(Assignment): Give again only those lines from the start of the entries through the line holding "(simp add: D_def)", leaving them as they are.
── Input for this task ──
lemma
  assumes K: "K \<ge> 0"
  shows opt_intensity_pos: "opt_intensity K > 0"
    and opt_intensity_first_order:
      "K = (1 - opt_intensity K ^ 2) / (opt_intensity K * sqrt (1 + opt_intensity K ^ 2))"
proof -
  define r where "r = sqrt (K\<^sup>2 + 8)"
  have r0: "r \<ge> 0" and r2: "r\<^sup>2 = K\<^sup>2 + 8" by (simp_all add: r_def add_nonneg_nonneg)
  define D where "D = K\<^sup>2 + 2 + K * r"
  have D2: "D \<ge> 2" using K r0 by (simp add: D_def)
  define y where "y = 2 / D"
  have y0: "y > 0" and y1: "y \<le> 1" using D2 by (auto simp: y_def)
  have cy: "opt_intensity K = sqrt y" by (simp add: opt_intensity_def y_def D_def r_def)
  have "(D - 2)\<^sup>2 = K\<^sup>2 * (K + r)\<^sup>2" by (simp add: D_def power2_eq_square algebra_simps)
  also have "(K + r)\<^sup>2 = 2 * (K\<^sup>2 + 4 + K * r)" using r2 by (simp add: power2_eq_square algebra_simps)
  finally have "(D - 2)\<^sup>2 = 2 * K\<^sup>2 * (D + 2)" by (simp add: D_def algebra_simps)
  with D2 have quad: "(1 - y)\<^sup>2 = K\<^sup>2 * (y * (1 + y))"
    by (simp add: y_def field_simps power2_eq_square)
  have "K * sqrt (y * (1 + y)) = sqrt (K\<^sup>2 * (y * (1 + y)))" using K by (simp add: real_sqrt_mult)
  also have "\<dots> = 1 - y" using y1 by (simp add: quad[symmetric])
  finally have "K * sqrt (y * (1 + y)) = 1 - y" .
  moreover have "sqrt (y * (1 + y)) > 0" using y0 by simp
  ultimately show "K = (1 - opt_intensity K ^ 2) / (opt_intensity K * sqrt (1 + opt_intensity K ^ 2))"
    using cy y0 by (simp add: real_sqrt_mult[symmetric] field_simps)
  show "opt_intensity K > 0" using cy y0 by simp
qed

lemma insider_gain_le_opt_intensity:
  "K \<ge> 0 \<Longrightarrow> insider_gain K x \<le> insider_gain K (opt_intensity K)"
  by (intro insider_gain_le opt_intensity_pos opt_intensity_first_order)

text \<open>\<open>coeffs m = (a\<^sub>N\<^sub>-\<^sub>m, b\<^sub>N\<^sub>-\<^sub>m)\<close>, counting backwards from \<open>a\<^sub>N = b\<^sub>N = 0\<close>, and
  \<open>coeff_c m = c\<^sub>N\<^sub>-\<^sub>m\<close>.\<close>
fun coeffs :: "nat \<Rightarrow> real \<times> real" where
  "coeffs 0 = (0, 0)"
| "coeffs (Suc m) =
     (let a = fst (coeffs m); b = snd (coeffs m); c = opt_intensity (a + b); r = sqrt (1 + c\<^sup>2)
      in (a / r + b * c\<^sup>2 / r ^ 3, b / r ^ 3 + c / (1 + c\<^sup>2)))"

definition coeff_c :: "nat \<Rightarrow> real" where
  "coeff_c m = opt_intensity (fst (coeffs m) + snd (coeffs m))"

lemma coeffs_sum_nonneg: "fst (coeffs m) + snd (coeffs m) \<ge> 0"
proof (induction m)
  case 0
  then show ?case by simp
next
  case (Suc m)
  define a b c r where "a = fst (coeffs m)" and "b = snd (coeffs m)" and "c = coeff_c m"
    and "r = sqrt (1 + c\<^sup>2)"
  have c0: "c > 0" using opt_intensity_pos[OF Suc.IH] by (simp add: c_def coeff_c_def)
  have c1: "1 + c\<^sup>2 > 0" by (simp add: add_pos_nonneg)
  have r0: "r > 0" and r2: "r\<^sup>2 = 1 + c\<^sup>2" using c1 by (simp_all add: r_def)
  have "b * c\<^sup>2 / r ^ 3 + b / r ^ 3 = b * r\<^sup>2 / r ^ 3" by (simp add: r2 ring_distribs add_divide_distrib)
  also have "\<dots> = b / r" using r0 by (simp add: power2_eq_square power3_eq_cube)
  finally have "fst (coeffs (Suc m)) + snd (coeffs (Suc m)) = (a + b) / r + c / (1 + c\<^sup>2)"
    by (simp add: Let_def a_def b_def c_def r_def coeff_c_def add_divide_distrib algebra_simps)
  also have "\<dots> \<ge> 0" using Suc.IH r0 c0 c1 by (simp add: a_def b_def)
  finally show ?case .
qed

lemma coeff_c_pos: "coeff_c m > 0"
  using opt_intensity_pos[OF coeffs_sum_nonneg] by (simp add: coeff_c_def)

lemma coeff_c_first_order:
  "fst (coeffs m) + snd (coeffs m) = (1 - coeff_c m ^ 2) / (coeff_c m * sqrt (1 + coeff_c m ^ 2))"
  using opt_intensity_first_order[OF coeffs_sum_nonneg] by (simp add: coeff_c_def)

lemma coeffs_Suc_eq:
  fixes m :: nat
  defines "q \<equiv> sqrt (1 / (coeff_c m ^ 2 + 1))"
  shows "coeffs (Suc m) = (fst (coeffs m) * q + snd (coeffs m) * q ^ 3 * coeff_c m ^ 2,
                           snd (coeffs m) * q ^ 3 + coeff_c m / (coeff_c m ^ 2 + 1))"
  by (simp add: q_def coeff_c_def Let_def real_sqrt_divide add.commute power_one_over)

lemma stepv_scaled:
  assumes s: "s = su * sqrt (dt N)" and s0: "s > 0" and S: "S > 0"
    and cont: "\<And>S'. S' > 0 \<Longrightarrow> cont S' = (B * s / sqrt S', A * s * sqrt S')"
  shows "stepv su N cont S (x * s / sqrt S) =
    ((B / sqrt (1 + x\<^sup>2) ^ 3 + x / (1 + x\<^sup>2)) * s / sqrt S,
     (A / sqrt (1 + x\<^sup>2) + B * x\<^sup>2 / sqrt (1 + x\<^sup>2) ^ 3) * s * sqrt S)"
proof -
  define r where "r = sqrt (1 + x\<^sup>2)"
  define z where "z = sqrt S"
  have x1: "1 + x\<^sup>2 > 0" by (simp add: add_pos_nonneg)
  have r0: "r > 0" and r2: "r\<^sup>2 = 1 + x\<^sup>2" using x1 by (simp_all add: r_def)
  have z0: "z > 0" and Sz: "S = z\<^sup>2" using S by (simp_all add: z_def)
  have noise: "su\<^sup>2 * dt N = s\<^sup>2" by (simp add: s dt_def power_mult_distrib)
  have "(x * s / z)\<^sup>2 * S = x\<^sup>2 * s\<^sup>2" using z0 by (simp add: Sz power_divide power_mult_distrib)
  then have den: "(x * s / z)\<^sup>2 * S + su\<^sup>2 * dt N = s\<^sup>2 * r\<^sup>2" by (simp add: noise r2 ring_distribs)
  have lam: "lamf su N S (x * s / z) = x * z / (s * r\<^sup>2)"
    unfolding lamf_def den using z0 s0 r0 by (simp add: Sz field_simps power2_eq_square)
  have sig: "sigf su N S (x * s / z) = S / r\<^sup>2"
    unfolding sigf_def den using s0 by (simp add: mult.assoc noise)
  have cont_S': "cont (S / r\<^sup>2) = (B * s * r / z, A * s * z / r)"
    using cont[of "S / r\<^sup>2"] S r0 by (simp add: z_def real_sqrt_divide)
  have "x * z / (s * r\<^sup>2) * (x * s / z) = x\<^sup>2 / r\<^sup>2" using z0 s0 by (simp add: field_simps power2_eq_square)
  then have impact: "1 - x * z / (s * r\<^sup>2) * (x * s / z) = 1 / r\<^sup>2" using r2 x1 by (simp add: field_simps)
  have "stepv su N cont S (x * s / z) =
     ((B * s * r / z) * (1 / r\<^sup>2)\<^sup>2 + (x * s / z) * (1 / r\<^sup>2),
      A * s * z / r + (B * s * r / z) * (x * z / (s * r\<^sup>2))\<^sup>2 * s\<^sup>2)"
    unfolding stepv_def Let_def lam sig cont_S' impact by (simp add: mult.assoc noise)
  also have "\<dots> = ((B / r ^ 3 + x / r\<^sup>2) * s / z, (A / r + B * x\<^sup>2 / r ^ 3) * s * z)"
    using z0 s0 r0 by (simp add: field_simps power2_eq_square power3_eq_cube)
  finally show ?thesis using r2 by (simp add: r_def z_def)
qed
section \<open>Reindexing sums over unshuffles\<close>

lemma mem_unshuffles_two_blocks:
  "\<sigma> \<in> unshuffles [a, b] \<longleftrightarrow>
     \<sigma> permutes {..<a + b} \<and> strict_mono_on {..<a} \<sigma> \<and> strict_mono_on {a..<a + b} \<sigma>"
  unfolding unshuffles_def strict_mono_on_def by (auto simp: less_Suc_eq)

lemma mem_unshuffles_three_blocks:
  "\<sigma> \<in> unshuffles [a, b, c] \<longleftrightarrow>
     \<sigma> permutes {..<a + b + c} \<and> strict_mono_on {..<a} \<sigma> \<and> strict_mono_on {a..<a + b} \<sigma>
     \<and> strict_mono_on {a + b..<a + b + c} \<sigma>"
  unfolding unshuffles_def strict_mono_on_def by (auto simp: less_Suc_eq add.assoc)

lemma permutes_eq_if_strict_mono_on_block:
  fixes \<sigma> \<tau> :: "nat \<Rightarrow> nat"
  assumes \<sigma>: "\<sigma> permutes S" and \<tau>: "\<tau> permutes S" and block: "{a..<b} \<subseteq> S"
    and mono: "strict_mono_on {a..<b} \<sigma>" "strict_mono_on {a..<b} \<tau>"
    and agree: "\<And>p. p \<in> S - {a..<b} \<Longrightarrow> \<sigma> p = \<tau> p"
  shows "\<sigma> = \<tau>"
proof
  fix p
  have image_block: "\<pi> ` {a..<b} = S - \<pi> ` (S - {a..<b})" if "\<pi> permutes S" for \<pi>
    using that block
    by (metis Diff_Diff_Int Diff_subset image_set_diff inf.absorb_iff2 permutes_image permutes_inj)
  have "\<sigma> ` (S - {a..<b}) = \<tau> ` (S - {a..<b})"
    using agree by (rule image_cong[OF refl])
  then have "\<sigma> ` {a..<b} = \<tau> ` {a..<b}"
    using image_block[OF \<sigma>] image_block[OF \<tau>] by simp
  moreover have "sorted (map \<pi> [a..<b]) \<and> distinct (map \<pi> [a..<b])"
    if "strict_mono_on {a..<b} \<pi>" for \<pi>
  proof -
    have "sorted_wrt (<) (map \<pi> [a..<b])"
      unfolding sorted_wrt_map
      by (rule sorted_wrt_mono_rel[OF _ sorted_wrt_upt]) (simp add: strict_mono_onD[OF that])
    then show ?thesis
      by (simp add: strict_sorted_iff)
  qed
  ultimately have "map \<sigma> [a..<b] = map \<tau> [a..<b]"
    using mono by (intro sorted_distinct_set_unique) auto
  then show "\<sigma> p = \<tau> p"
    using agree permutes_not_in[OF \<sigma>] permutes_not_in[OF \<tau>] block
    by (cases "p \<in> {a..<b}"; cases "p \<in> S") auto
qed

lemma sum_unshuffles_send_back:
  "(\<Sum>\<sigma>\<in>unshuffles [k, 1, 0]. F \<sigma>) = (\<Sum>i<Suc k. F (send_back i (k - i)))"
proof -
  have "bij_betw (\<lambda>i. send_back i (k - i)) {..<Suc k} (unshuffles [k, 1, 0])"
  proof (rule bij_betwI')
    fix i i' assume "i \<in> {..<Suc k}" "i' \<in> {..<Suc k}"
    then have "send_back i (k - i) k = i" "send_back i' (k - i') k = i'"
      by (simp_all add: send_back_apply)
    then show "send_back i (k - i) = send_back i' (k - i') \<longleftrightarrow> i = i'"
      by metis
  next
    fix i assume i: "i \<in> {..<Suc k}"
    have "send_back i (k - i) permutes {..<Suc k}"
      using i by (intro permutes_subset[OF permutes_send_back]) auto
    then show "send_back i (k - i) \<in> unshuffles [k, 1, 0]"
      using i by (simp add: mem_unshuffles_three_blocks strict_mono_on_def send_back_apply)
  next
    fix \<sigma> assume "\<sigma> \<in> unshuffles [k, 1, 0]"
    then have \<sigma>: "\<sigma> permutes {..<Suc k}" "strict_mono_on {0..<k} \<sigma>"
      by (simp_all add: mem_unshuffles_three_blocks atLeast0LessThan)
    have ik: "\<sigma> k \<le> k"
      using permutes_in_image[OF \<sigma>(1), of k] by simp
    have "\<sigma> = send_back (\<sigma> k) (k - \<sigma> k)"
    proof (rule permutes_eq_if_strict_mono_on_block[OF \<sigma>(1) _ _ \<sigma>(2)])
      show "send_back (\<sigma> k) (k - \<sigma> k) permutes {..<Suc k}"
        using ik by (intro permutes_subset[OF permutes_send_back]) auto
    qed (auto simp: strict_mono_on_def send_back_apply[OF ik] less_Suc_eq)
    then show "\<exists>i\<in>{..<Suc k}. \<sigma> = send_back i (k - i)"
      using ik by auto
  qed
  then show ?thesis
    by (rule sum.reindex_bij_betw[symmetric])
qed

lemma sum_unshuffles_bring_forward:
  "(\<Sum>\<sigma>\<in>unshuffles [1, k]. F \<sigma>) = (\<Sum>i<Suc k. F (bring_forward 0 i))"
proof -
  have "bij_betw (bring_forward 0) {..<Suc k} (unshuffles [1, k])"
  proof (rule bij_betwI')
    fix i i' :: nat
    have "bring_forward 0 i 0 = i" "bring_forward 0 i' 0 = i'"
      by (simp_all add: bring_forward_0_apply)
    then show "bring_forward 0 i = bring_forward 0 i' \<longleftrightarrow> i = i'"
      by metis
  next
    fix i assume i: "i \<in> {..<Suc k}"
    have "bring_forward 0 i permutes {..<Suc k}"
      using i by (intro permutes_subset[OF permutes_bring_forward]) auto
    then show "bring_forward 0 i \<in> unshuffles [1, k]"
      by (auto simp: mem_unshuffles_two_blocks strict_mono_on_def bring_forward_0_apply)
  next
    fix \<sigma> assume "\<sigma> \<in> unshuffles [1, k]"
    then have \<sigma>: "\<sigma> permutes {..<Suc k}" "strict_mono_on {1..<Suc k} \<sigma>"
      by (simp_all add: mem_unshuffles_two_blocks)
    have ik: "\<sigma> 0 \<le> k"
      using permutes_in_image[OF \<sigma>(1), of 0] by simp
    have "\<sigma> = bring_forward 0 (\<sigma> 0)"
    proof (rule permutes_eq_if_strict_mono_on_block[OF \<sigma>(1) _ _ \<sigma>(2)])
      show "bring_forward 0 (\<sigma> 0) permutes {..<Suc k}"
        using ik by (intro permutes_subset[OF permutes_bring_forward]) auto
    qed (auto simp: strict_mono_on_def bring_forward_0_apply)
    then show "\<exists>i\<in>{..<Suc k}. \<sigma> = bring_forward 0 i"
      using ik by auto
  qed
  then show ?thesis
    by (rule sum.reindex_bij_betw[symmetric])
qed

definition bring_two_forward :: "nat \<Rightarrow> nat \<Rightarrow> nat \<Rightarrow> nat" where
  "bring_two_forward i j = bring_forward 0 i \<circ> bring_forward 1 (j - 1)"

lemma bring_two_forward_apply:
  "i < j \<Longrightarrow> bring_two_forward i j p =
     (if p = 0 then i else if p = 1 then j else if p \<le> i + 1 then p - 2 else if p \<le> j then p - 1 else p)"
  by (auto simp: bring_two_forward_def bring_forward_def)

lemma permutes_bring_two_forward:
  assumes "i < j" "j \<le> k"
  shows "bring_two_forward i j permutes {..<Suc k}"
proof -
  have "bring_forward 1 (j - 1) permutes {..<Suc k}" "bring_forward 0 i permutes {..<Suc k}"
    using assms by (auto intro: permutes_subset[OF permutes_bring_forward])
  then show ?thesis
    unfolding bring_two_forward_def by (rule permutes_compose)
qed

lemma permutation_bring_two_forward: "permutation (bring_two_forward i j)"
  unfolding bring_two_forward_def by (intro permutation_compose permutation_bring_forward)

lemma sign_bring_two_forward:
  assumes "i < j"
  shows "sign (bring_two_forward i j) = - ((-1) ^ (i + j))"
proof -
  obtain j' where "j = Suc j'"
    using assms by (cases j) auto
  then show ?thesis
    unfolding bring_two_forward_def
    by (simp add: sign_compose permutation_bring_forward sign_bring_forward power_add)
qed

lemma sign_bring_two_forward_swap:
  "i < j \<Longrightarrow> sign (bring_two_forward i j \<circ> transpose 0 1) = (-1) ^ (i + j)"
  unfolding sign_compose[OF permutation_bring_two_forward permutation_swap_id]
  by (simp add: sign_bring_two_forward sign_swap_id)

lemma strict_mono_on_bring_forward: "strict_mono_on {Suc a..} (bring_forward a i)"
  by (rule strict_mono_onI) (auto simp: bring_forward_def)

lemma strict_mono_on_bring_two_forward: "strict_mono_on {2..} (bring_two_forward i j)"
proof (rule strict_mono_onI)
  fix r s :: nat
  assume "r \<in> {2..}" "s \<in> {2..}" "r < s"
  moreover have "bring_forward 1 (j - 1) p \<in> {1..}" if "p \<in> {2..}" for p
    using that by (auto simp: bring_forward_def)
  ultimately show "bring_two_forward i j r < bring_two_forward i j s"
    unfolding bring_two_forward_def o_def
    using strict_mono_on_bring_forward[of 0 i] strict_mono_on_bring_forward[of 1 "j - 1"]
    by (simp add: strict_mono_on_def numeral_2_eq_2)
qed

lemma mem_unshuffles_1_1:
  "0 < k \<Longrightarrow> \<sigma> \<in> unshuffles [1, 1, k - 1] \<longleftrightarrow>
     \<sigma> permutes {..<Suc k} \<and> strict_mono_on {2..<Suc k} \<sigma>"
  by (auto simp: mem_unshuffles_three_blocks strict_mono_on_def numeral_2_eq_2)

lemma unshuffles_1_1_eqI:
  assumes "0 < k" "\<sigma> \<in> unshuffles [1, 1, k - 1]" "\<tau> \<in> unshuffles [1, 1, k - 1]"
    and "\<sigma> 0 = \<tau> 0" "\<sigma> 1 = \<tau> 1"
  shows "\<sigma> = \<tau>"
  using assms unfolding mem_unshuffles_1_1[OF \<open>0 < k\<close>]
  by (intro permutes_eq_if_strict_mono_on_block[of \<sigma> "{..<Suc k}" \<tau> 2 "Suc k"])
    (auto simp: numeral_2_eq_2 not_le less_Suc_eq)

lemma bring_two_forward_in_unshuffles:
  assumes "i < j" "j \<le> k"
  shows "bring_two_forward i j \<in> unshuffles [1, 1, k - 1]"
    and "bring_two_forward i j \<circ> transpose 0 1 \<in> unshuffles [1, 1, k - 1]"
proof -
  have k: "0 < k"
    using assms by simp
  have perm: "bring_two_forward i j permutes {..<Suc k}"
    using assms by (rule permutes_bring_two_forward)
  have mono: "strict_mono_on {2..<Suc k} (bring_two_forward i j)"
    by (rule monotone_on_subset[OF strict_mono_on_bring_two_forward]) auto
  then show "bring_two_forward i j \<in> unshuffles [1, 1, k - 1]"
    using perm mem_unshuffles_1_1[OF k] by blast
  have "transpose 0 1 permutes {..<Suc k}"
    using k by (intro permutes_swap_id) auto
  then have "bring_two_forward i j \<circ> transpose 0 1 permutes {..<Suc k}"
    using perm by (rule permutes_compose)
  moreover have "strict_mono_on {2..<Suc k} (bring_two_forward i j \<circ> transpose 0 1)"
    using mono by (simp add: strict_mono_on_def transpose_def)
  ultimately show "bring_two_forward i j \<circ> transpose 0 1 \<in> unshuffles [1, 1, k - 1]"
    using mem_unshuffles_1_1[OF k] by blast
qed
text \<open>With \<open>Z = T / n \<ge> 1\<close> one has \<open>T a \<le> Z\<^sup>2\<close>, \<open>n a \<le> Z\<close> and \<open>2 + \<surd>a \<le> 3 Z\<close>,
  so both terms of the step error are controlled by \<open>Z\<^sup>3 \<delta>\<close>.\<close>

lemma mtm_step_error_le_cube:
  assumes n: "n \<ge> 1" and L: "L > 0" and P: "P \<ge> 0" and \<delta>: "\<delta> \<ge> 0" and a: "a \<ge> 0"
    and T: "T \<ge> real n" "a \<le> T / real n^2"
  shows "T * mtm_step_error n L \<delta> P a
    \<le> 3 * ((T / real n)^3 * \<delta>) * P * sqrt (2 * real n / L) + real n * ((T / real n)^3 * \<delta>)^2 / L"
proof -
  define Z where "Z = T / real n"
  define c where "c = sqrt (2 * real n / L)"
  have Z: "Z \<ge> 1" unfolding Z_def using T n by simp
  have na: "real n * a \<le> Z" unfolding Z_def using T(2) n by (simp add: power2_eq_square field_simps)
  have Ta: "T * a \<le> Z^2"
    using mult_left_mono[OF na, of Z] Z unfolding Z_def using n by (simp add: power2_eq_square)
  have "a \<le> real n * a" using n a mult_right_mono[of 1 "real n" a] by simp
  also have "\<dots> \<le> Z * Z" using na Z by (simp add: mult_le_cancel_left1 order_trans[OF na])
  finally have "sqrt a \<le> sqrt (Z^2)" unfolding power2_eq_square by (rule real_sqrt_le_mono)
  with Z have sa: "2 + sqrt a \<le> 3 * Z" by simp
  have c: "c \<ge> 0" unfolding c_def using L by simp
  have "T * (a * \<delta> * P * c * (2 + sqrt a)) = (T * a) * (\<delta> * P * c * (2 + sqrt a))"
    by (simp add: mult_ac)
  also have "\<dots> \<le> Z^2 * (\<delta> * P * c * (3 * Z))"
    using Ta sa \<delta> P c a by (intro mult_mono mult_left_mono) auto
  also have "\<dots> = 3 * (Z^3 * \<delta>) * P * c" by (simp add: power3_eq_cube power2_eq_square)
  finally have first: "T * (a * \<delta> * P * c * (2 + sqrt a)) \<le> 3 * (Z^3 * \<delta>) * P * c" .
  have "T * (real n^2 * a^2 * \<delta>^2 / L) = (T * a) * (real n * a) * (real n * \<delta>^2 / L)"
    by (simp add: power2_eq_square)
  also have "\<dots> \<le> Z^2 * Z * (real n * \<delta>^2 / L)"
    using Ta na Z L a by (intro mult_mono) auto
  also have "\<dots> = real n * (Z^3 * \<delta>^2) / L" by (simp add: power3_eq_cube power2_eq_square)
  also have "\<dots> \<le> real n * ((Z^3)^2 * \<delta>^2) / L"
  proof -
    have "Z^3 \<le> (Z^3)^2" using Z by (simp add: power_increasing)
    then show ?thesis using L by (intro divide_right_mono mult_left_mono mult_right_mono) auto
  qed
  finally have second: "T * (real n^2 * a^2 * \<delta>^2 / L) \<le> real n * (Z^3 * \<delta>)^2 / L"
    by (simp add: power_mult_distrib)
  have "T * mtm_step_error n L \<delta> P a
      = T * (a * \<delta> * P * c * (2 + sqrt a)) + T * (real n^2 * a^2 * \<delta>^2 / L)"
    unfolding mtm_step_error_def c_def by (simp add: distrib_left)
  with first second show ?thesis unfolding Z_def c_def by linarith
qed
───
(Answer):
lemma
  assumes K: "K \<ge> 0"
  shows opt_intensity_pos: "opt_intensity K > 0"
    and opt_intensity_first_order:
      "K = (1 - opt_intensity K ^ 2) / (opt_intensity K * sqrt (1 + opt_intensity K ^ 2))"
proof -
  define r where "r = sqrt (K\<^sup>2 + 8)"
  have r0: "r \<ge> 0" and r2: "r\<^sup>2 = K\<^sup>2 + 8" by (simp_all add: r_def add_nonneg_nonneg)
  define D where "D = K\<^sup>2 + 2 + K * r"
  have D2: "D \<ge> 2" using K r0 by (simp add: D_def)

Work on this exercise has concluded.